=== Section Start ===

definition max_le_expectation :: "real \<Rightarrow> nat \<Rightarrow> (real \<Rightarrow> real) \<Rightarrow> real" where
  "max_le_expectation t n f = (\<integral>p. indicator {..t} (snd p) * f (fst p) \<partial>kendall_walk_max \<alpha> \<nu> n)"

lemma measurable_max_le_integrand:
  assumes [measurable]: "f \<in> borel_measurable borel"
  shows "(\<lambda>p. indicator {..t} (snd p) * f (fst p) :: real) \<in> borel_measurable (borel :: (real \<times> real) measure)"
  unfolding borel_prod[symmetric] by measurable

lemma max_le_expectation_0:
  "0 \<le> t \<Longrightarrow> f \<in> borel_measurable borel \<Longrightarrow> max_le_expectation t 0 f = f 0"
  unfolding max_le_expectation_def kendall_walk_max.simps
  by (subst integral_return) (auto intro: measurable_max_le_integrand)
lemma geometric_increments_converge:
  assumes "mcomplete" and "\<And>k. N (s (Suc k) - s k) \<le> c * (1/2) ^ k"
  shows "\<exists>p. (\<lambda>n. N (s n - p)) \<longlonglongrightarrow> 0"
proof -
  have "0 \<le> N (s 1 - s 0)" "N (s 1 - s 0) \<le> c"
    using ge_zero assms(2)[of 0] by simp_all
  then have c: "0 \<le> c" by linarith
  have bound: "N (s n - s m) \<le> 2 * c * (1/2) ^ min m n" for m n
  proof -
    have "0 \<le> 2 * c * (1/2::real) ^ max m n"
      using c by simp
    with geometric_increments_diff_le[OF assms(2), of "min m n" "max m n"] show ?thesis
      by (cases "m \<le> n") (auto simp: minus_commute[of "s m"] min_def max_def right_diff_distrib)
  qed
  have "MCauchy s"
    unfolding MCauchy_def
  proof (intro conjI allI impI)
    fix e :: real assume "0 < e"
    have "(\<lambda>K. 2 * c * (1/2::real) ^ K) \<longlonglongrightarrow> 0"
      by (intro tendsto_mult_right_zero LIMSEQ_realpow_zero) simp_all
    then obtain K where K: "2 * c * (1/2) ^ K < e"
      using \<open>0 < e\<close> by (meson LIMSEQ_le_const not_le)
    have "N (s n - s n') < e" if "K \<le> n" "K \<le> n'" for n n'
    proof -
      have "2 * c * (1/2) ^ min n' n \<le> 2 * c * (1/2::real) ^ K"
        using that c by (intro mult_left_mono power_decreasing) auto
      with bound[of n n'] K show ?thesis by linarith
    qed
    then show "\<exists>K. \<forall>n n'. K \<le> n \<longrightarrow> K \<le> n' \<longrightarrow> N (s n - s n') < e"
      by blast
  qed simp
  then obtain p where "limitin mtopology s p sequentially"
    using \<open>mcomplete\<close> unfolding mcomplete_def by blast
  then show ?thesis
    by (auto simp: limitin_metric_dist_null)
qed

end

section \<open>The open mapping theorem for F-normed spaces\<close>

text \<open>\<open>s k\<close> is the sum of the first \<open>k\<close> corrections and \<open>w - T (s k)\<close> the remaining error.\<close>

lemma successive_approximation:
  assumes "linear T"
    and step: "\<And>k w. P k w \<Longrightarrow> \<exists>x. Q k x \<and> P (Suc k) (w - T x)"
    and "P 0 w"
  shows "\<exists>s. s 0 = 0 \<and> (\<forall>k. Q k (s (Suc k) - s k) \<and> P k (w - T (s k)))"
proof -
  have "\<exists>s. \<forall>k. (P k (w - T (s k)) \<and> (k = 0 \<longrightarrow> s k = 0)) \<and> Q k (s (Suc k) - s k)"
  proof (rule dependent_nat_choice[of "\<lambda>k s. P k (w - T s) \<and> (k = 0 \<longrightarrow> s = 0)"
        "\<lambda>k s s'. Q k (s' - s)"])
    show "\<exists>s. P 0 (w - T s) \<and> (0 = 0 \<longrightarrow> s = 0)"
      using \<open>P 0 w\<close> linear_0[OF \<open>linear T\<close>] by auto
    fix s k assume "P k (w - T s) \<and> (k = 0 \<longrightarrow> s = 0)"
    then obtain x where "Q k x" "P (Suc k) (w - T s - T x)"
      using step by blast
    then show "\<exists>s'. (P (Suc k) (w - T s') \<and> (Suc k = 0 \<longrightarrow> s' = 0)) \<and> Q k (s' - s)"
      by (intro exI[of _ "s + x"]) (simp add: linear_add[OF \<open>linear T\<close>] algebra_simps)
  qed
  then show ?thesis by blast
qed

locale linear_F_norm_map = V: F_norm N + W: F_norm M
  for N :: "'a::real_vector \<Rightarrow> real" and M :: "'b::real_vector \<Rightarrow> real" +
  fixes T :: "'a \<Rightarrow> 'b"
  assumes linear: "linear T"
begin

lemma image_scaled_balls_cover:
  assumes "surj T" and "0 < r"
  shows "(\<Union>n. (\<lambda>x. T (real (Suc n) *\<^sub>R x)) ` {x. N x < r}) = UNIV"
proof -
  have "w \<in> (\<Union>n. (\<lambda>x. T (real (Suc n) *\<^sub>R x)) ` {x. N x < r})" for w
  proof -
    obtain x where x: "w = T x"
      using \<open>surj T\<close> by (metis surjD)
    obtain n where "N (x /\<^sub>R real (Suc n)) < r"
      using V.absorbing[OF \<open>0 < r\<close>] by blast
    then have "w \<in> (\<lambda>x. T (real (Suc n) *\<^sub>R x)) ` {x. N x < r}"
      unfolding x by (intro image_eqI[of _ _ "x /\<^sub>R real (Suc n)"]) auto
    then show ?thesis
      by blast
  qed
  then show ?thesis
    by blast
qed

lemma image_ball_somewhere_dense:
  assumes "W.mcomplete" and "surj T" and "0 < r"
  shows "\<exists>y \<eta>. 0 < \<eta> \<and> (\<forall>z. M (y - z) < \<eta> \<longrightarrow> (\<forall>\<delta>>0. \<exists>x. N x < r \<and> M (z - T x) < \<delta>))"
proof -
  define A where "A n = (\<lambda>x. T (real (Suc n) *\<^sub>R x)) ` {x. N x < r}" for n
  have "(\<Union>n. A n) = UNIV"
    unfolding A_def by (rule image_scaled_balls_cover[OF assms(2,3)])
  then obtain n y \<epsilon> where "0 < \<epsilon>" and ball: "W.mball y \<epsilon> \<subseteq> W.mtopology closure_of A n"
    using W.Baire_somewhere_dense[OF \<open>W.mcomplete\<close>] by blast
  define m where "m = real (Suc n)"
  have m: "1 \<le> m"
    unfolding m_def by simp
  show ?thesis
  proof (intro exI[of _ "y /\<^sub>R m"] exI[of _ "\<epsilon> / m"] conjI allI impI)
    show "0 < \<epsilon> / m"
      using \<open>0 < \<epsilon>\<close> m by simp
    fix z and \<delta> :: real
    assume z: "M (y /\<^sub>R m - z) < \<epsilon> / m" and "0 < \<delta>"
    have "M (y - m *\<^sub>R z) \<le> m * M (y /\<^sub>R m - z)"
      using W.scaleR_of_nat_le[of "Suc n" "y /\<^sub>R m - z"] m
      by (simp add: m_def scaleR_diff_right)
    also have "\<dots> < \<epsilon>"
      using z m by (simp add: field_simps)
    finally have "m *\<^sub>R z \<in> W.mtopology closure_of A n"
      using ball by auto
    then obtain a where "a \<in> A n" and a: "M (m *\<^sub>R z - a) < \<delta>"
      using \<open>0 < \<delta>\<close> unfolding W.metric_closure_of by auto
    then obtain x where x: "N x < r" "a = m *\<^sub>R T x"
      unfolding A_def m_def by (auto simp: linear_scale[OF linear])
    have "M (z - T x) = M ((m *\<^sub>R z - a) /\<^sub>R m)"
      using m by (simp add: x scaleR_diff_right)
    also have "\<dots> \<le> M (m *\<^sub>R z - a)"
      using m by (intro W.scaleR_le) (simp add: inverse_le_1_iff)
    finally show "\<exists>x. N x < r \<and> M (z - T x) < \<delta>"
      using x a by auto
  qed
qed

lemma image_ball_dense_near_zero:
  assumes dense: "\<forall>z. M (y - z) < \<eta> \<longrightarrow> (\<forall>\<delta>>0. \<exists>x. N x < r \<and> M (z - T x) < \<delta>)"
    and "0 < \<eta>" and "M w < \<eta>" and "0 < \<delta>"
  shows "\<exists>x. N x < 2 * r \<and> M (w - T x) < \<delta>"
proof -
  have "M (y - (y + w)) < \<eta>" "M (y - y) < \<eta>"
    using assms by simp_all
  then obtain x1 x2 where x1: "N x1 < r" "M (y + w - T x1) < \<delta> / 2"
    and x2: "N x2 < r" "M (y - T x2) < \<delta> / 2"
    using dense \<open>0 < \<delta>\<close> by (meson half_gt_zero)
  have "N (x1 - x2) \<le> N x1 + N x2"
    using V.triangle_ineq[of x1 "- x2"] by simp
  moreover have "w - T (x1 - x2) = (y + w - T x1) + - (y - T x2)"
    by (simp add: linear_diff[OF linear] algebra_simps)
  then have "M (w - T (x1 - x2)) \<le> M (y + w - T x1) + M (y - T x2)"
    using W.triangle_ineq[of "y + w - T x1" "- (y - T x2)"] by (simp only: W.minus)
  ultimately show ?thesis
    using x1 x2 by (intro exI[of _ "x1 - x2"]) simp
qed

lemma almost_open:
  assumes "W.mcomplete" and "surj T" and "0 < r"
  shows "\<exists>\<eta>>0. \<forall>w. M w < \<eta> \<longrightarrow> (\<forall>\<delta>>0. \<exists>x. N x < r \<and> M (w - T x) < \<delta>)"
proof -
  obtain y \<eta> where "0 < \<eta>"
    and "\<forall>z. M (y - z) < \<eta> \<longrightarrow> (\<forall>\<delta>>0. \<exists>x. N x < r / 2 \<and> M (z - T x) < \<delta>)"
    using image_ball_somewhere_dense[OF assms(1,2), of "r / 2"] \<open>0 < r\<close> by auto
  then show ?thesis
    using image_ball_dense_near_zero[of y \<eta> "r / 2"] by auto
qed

=== Section End ===
=== Section Start ===

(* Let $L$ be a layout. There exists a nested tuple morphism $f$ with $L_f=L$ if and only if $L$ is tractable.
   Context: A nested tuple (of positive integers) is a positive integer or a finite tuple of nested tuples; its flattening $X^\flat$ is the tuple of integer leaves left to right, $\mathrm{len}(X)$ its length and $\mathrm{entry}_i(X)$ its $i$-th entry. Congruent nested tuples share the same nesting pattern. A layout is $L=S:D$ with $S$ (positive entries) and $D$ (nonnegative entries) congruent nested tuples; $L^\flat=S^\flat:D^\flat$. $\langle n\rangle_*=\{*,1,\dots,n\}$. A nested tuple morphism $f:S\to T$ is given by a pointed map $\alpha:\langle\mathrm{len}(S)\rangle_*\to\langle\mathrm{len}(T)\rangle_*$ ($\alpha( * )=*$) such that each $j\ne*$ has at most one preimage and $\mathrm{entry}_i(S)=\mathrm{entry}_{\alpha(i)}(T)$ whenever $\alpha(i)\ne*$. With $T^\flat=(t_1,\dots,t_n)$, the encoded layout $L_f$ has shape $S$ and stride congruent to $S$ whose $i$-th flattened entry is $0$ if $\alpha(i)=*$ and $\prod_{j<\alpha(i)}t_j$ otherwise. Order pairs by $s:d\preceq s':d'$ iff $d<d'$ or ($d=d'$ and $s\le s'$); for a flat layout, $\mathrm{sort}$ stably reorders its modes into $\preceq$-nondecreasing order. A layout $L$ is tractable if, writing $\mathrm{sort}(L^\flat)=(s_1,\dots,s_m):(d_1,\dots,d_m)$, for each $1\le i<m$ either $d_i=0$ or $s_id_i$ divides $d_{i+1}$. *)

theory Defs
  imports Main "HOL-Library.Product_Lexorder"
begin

=== Section End ===
=== Section Start ===

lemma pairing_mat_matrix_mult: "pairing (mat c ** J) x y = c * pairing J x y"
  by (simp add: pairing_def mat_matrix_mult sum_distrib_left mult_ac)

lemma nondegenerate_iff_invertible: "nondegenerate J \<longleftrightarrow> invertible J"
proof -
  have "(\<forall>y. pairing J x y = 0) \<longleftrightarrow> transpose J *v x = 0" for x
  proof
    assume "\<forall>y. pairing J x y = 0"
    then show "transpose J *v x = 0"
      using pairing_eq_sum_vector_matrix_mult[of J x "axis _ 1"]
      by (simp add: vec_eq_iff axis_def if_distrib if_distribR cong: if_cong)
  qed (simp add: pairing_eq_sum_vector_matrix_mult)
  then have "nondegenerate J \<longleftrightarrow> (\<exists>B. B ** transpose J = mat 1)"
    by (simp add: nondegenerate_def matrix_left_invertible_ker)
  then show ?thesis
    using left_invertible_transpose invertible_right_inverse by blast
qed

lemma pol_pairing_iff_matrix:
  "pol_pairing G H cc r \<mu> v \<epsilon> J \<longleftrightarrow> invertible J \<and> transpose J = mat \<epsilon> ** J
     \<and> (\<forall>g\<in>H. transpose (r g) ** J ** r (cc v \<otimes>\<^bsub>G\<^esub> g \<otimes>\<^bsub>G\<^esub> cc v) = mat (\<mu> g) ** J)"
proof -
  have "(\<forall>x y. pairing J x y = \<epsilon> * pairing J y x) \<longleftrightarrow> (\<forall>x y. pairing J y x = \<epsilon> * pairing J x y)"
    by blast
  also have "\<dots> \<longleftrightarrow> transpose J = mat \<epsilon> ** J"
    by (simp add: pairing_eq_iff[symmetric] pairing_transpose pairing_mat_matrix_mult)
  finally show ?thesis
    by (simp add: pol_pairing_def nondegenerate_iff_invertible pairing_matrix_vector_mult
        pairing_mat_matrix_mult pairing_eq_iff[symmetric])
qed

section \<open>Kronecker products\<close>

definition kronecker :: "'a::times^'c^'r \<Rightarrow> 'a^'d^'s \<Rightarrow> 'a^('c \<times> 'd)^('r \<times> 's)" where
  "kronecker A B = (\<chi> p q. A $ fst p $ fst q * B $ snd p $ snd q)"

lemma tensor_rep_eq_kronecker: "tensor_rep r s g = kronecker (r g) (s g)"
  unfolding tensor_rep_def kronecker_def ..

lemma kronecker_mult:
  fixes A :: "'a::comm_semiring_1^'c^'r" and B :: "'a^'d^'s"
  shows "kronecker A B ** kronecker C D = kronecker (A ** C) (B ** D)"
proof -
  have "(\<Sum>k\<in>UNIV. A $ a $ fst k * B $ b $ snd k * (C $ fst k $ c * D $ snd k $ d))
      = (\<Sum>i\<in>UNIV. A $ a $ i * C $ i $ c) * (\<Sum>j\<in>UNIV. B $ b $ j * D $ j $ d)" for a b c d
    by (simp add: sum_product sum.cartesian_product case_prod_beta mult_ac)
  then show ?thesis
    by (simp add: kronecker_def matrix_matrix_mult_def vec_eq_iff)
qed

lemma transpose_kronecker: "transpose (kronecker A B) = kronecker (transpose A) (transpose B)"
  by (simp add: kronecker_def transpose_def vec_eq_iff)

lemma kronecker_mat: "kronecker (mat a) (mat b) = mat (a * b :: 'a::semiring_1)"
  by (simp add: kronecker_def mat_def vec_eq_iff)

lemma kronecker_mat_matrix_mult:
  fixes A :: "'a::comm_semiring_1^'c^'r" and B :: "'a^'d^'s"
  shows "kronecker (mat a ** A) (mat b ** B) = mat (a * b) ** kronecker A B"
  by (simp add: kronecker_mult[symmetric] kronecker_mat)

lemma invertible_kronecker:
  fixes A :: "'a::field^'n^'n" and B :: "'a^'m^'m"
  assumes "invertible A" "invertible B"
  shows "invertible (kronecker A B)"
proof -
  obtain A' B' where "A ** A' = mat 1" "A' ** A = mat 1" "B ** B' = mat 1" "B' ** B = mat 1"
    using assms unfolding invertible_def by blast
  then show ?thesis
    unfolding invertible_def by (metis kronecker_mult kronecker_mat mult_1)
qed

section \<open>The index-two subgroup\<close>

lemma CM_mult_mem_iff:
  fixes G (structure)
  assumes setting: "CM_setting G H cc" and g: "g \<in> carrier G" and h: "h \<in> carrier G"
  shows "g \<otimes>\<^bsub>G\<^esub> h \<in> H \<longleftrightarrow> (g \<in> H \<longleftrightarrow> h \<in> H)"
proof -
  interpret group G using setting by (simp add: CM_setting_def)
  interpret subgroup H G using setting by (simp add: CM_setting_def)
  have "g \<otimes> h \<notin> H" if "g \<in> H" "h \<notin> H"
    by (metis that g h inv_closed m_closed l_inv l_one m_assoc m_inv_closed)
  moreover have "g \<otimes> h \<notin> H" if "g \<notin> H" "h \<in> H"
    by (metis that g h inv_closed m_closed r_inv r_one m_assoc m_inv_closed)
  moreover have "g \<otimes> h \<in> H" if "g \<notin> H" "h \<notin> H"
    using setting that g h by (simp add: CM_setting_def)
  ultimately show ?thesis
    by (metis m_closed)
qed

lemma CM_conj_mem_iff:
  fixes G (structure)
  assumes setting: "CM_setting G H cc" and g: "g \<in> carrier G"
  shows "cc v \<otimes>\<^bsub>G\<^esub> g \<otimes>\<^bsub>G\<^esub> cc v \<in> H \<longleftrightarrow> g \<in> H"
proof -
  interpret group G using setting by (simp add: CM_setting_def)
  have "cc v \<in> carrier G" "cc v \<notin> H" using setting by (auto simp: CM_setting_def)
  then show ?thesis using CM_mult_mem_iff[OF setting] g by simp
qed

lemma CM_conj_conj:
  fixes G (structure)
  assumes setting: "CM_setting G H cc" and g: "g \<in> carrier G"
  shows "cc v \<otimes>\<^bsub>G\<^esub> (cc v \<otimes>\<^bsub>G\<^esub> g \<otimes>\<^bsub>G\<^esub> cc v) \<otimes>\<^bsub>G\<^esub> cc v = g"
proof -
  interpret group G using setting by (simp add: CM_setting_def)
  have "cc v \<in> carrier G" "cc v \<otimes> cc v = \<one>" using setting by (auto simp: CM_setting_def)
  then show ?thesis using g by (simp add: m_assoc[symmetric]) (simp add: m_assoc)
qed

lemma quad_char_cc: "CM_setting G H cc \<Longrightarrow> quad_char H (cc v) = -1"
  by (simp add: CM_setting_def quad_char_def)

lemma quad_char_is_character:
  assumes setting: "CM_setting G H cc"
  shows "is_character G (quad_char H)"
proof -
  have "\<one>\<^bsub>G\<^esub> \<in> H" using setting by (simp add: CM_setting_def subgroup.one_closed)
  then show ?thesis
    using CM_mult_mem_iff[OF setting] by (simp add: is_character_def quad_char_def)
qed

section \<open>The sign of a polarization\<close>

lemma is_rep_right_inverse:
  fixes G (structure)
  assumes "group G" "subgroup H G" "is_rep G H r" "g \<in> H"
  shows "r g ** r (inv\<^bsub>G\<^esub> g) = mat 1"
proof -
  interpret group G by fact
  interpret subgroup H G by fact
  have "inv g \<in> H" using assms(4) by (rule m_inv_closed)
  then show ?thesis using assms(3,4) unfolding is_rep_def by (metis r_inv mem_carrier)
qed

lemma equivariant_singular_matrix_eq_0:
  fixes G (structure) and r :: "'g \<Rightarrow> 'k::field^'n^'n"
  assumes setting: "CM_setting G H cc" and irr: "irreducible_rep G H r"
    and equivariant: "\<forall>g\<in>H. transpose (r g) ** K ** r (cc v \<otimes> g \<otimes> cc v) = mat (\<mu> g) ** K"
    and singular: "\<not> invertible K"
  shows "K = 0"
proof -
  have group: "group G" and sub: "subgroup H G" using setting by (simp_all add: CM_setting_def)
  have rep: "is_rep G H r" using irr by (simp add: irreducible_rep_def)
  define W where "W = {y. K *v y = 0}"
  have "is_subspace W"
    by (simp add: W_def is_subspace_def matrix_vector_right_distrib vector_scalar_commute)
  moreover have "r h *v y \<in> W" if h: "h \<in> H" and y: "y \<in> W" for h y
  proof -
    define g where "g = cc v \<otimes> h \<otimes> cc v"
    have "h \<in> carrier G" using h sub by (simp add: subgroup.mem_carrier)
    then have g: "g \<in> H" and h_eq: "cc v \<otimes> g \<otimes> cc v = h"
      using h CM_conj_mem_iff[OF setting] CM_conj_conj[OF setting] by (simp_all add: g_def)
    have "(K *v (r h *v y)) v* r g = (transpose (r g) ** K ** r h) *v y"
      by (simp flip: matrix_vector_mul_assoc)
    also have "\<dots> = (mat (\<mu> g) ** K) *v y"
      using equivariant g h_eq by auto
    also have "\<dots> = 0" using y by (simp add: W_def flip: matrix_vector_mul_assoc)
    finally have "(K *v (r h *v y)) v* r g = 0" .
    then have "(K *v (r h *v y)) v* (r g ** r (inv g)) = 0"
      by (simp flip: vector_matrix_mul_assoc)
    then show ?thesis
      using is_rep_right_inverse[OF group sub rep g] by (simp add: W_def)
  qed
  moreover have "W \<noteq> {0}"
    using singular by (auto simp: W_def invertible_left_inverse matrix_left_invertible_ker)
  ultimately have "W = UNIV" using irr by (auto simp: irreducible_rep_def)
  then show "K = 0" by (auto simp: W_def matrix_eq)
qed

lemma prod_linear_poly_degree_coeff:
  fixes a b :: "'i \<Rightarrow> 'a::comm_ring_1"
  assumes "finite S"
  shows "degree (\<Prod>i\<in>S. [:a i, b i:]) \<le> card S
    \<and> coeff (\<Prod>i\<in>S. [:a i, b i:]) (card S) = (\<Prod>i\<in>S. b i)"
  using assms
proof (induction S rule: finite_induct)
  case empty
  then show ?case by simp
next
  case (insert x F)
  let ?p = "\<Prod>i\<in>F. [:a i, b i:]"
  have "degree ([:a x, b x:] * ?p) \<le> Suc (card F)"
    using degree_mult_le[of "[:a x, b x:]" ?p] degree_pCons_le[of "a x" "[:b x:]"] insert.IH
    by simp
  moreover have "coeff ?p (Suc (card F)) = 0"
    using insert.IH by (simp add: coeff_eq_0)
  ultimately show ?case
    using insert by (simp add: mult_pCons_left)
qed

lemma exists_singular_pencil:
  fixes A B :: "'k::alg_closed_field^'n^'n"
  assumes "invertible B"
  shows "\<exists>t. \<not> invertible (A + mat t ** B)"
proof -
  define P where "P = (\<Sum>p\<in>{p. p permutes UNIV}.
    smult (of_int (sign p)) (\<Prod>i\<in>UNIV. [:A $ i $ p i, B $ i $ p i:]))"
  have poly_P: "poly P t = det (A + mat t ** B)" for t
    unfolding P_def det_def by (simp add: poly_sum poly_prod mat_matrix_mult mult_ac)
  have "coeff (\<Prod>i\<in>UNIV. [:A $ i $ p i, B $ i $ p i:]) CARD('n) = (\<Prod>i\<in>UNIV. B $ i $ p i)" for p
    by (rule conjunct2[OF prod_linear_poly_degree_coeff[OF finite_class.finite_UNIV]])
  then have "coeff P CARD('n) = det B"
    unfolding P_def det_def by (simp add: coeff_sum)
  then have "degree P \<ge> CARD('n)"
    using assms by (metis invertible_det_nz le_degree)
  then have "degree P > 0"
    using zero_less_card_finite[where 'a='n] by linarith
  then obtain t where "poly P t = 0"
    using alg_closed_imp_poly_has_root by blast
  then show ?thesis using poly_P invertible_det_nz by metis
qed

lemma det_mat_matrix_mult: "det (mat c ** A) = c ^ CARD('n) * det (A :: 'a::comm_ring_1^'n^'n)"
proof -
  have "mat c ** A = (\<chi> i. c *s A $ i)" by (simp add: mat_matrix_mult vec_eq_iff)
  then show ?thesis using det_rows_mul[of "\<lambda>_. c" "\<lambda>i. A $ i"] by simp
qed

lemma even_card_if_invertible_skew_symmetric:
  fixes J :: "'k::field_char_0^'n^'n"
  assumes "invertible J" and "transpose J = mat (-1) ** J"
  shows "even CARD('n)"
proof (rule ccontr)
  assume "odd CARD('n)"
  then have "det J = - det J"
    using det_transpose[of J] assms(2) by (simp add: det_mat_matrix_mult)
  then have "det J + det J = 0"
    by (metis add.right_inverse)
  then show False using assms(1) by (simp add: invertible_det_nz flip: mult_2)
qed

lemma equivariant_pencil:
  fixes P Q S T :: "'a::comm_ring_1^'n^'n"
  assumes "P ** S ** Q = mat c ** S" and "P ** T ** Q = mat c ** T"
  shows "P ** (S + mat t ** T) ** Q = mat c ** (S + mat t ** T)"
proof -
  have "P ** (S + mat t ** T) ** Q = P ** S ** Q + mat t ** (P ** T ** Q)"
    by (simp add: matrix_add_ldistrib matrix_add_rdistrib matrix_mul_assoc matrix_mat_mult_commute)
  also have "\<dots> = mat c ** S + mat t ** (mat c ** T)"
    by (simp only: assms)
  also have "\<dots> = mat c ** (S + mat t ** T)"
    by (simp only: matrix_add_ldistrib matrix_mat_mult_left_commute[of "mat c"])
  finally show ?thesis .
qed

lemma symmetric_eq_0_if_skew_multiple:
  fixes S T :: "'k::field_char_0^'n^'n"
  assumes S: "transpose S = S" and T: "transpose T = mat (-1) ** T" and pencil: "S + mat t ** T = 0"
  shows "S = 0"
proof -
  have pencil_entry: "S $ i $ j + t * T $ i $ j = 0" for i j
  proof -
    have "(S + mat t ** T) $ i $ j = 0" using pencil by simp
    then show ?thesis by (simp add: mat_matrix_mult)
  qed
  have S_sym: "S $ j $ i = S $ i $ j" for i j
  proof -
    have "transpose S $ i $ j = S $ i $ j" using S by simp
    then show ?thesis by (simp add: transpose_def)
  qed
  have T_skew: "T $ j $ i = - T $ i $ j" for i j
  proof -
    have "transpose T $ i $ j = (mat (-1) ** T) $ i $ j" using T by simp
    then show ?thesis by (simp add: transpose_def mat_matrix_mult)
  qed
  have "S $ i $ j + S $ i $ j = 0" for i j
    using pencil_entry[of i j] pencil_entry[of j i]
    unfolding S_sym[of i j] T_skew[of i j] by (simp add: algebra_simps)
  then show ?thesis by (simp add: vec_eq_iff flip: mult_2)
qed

=== Section End ===

**Problem statement:**
What is asked for is an exact copy of the lines above from the one containing "nat \<Rightarrow> (real" through the one containing "unfolding max_le_expectation_def kendall_walk_max.simps", and only those.

**Solution:**
definition max_le_expectation :: "real \<Rightarrow> nat \<Rightarrow> (real \<Rightarrow> real) \<Rightarrow> real" where
  "max_le_expectation t n f = (\<integral>p. indicator {..t} (snd p) * f (fst p) \<partial>kendall_walk_max \<alpha> \<nu> n)"

lemma measurable_max_le_integrand:
  assumes [measurable]: "f \<in> borel_measurable borel"
  shows "(\<lambda>p. indicator {..t} (snd p) * f (fst p) :: real) \<in> borel_measurable (borel :: (real \<times> real) measure)"
  unfolding borel_prod[symmetric] by measurable

lemma max_le_expectation_0:
  "0 \<le> t \<Longrightarrow> f \<in> borel_measurable borel \<Longrightarrow> max_le_expectation t 0 f = f 0"
  unfolding max_le_expectation_def kendall_walk_max.simps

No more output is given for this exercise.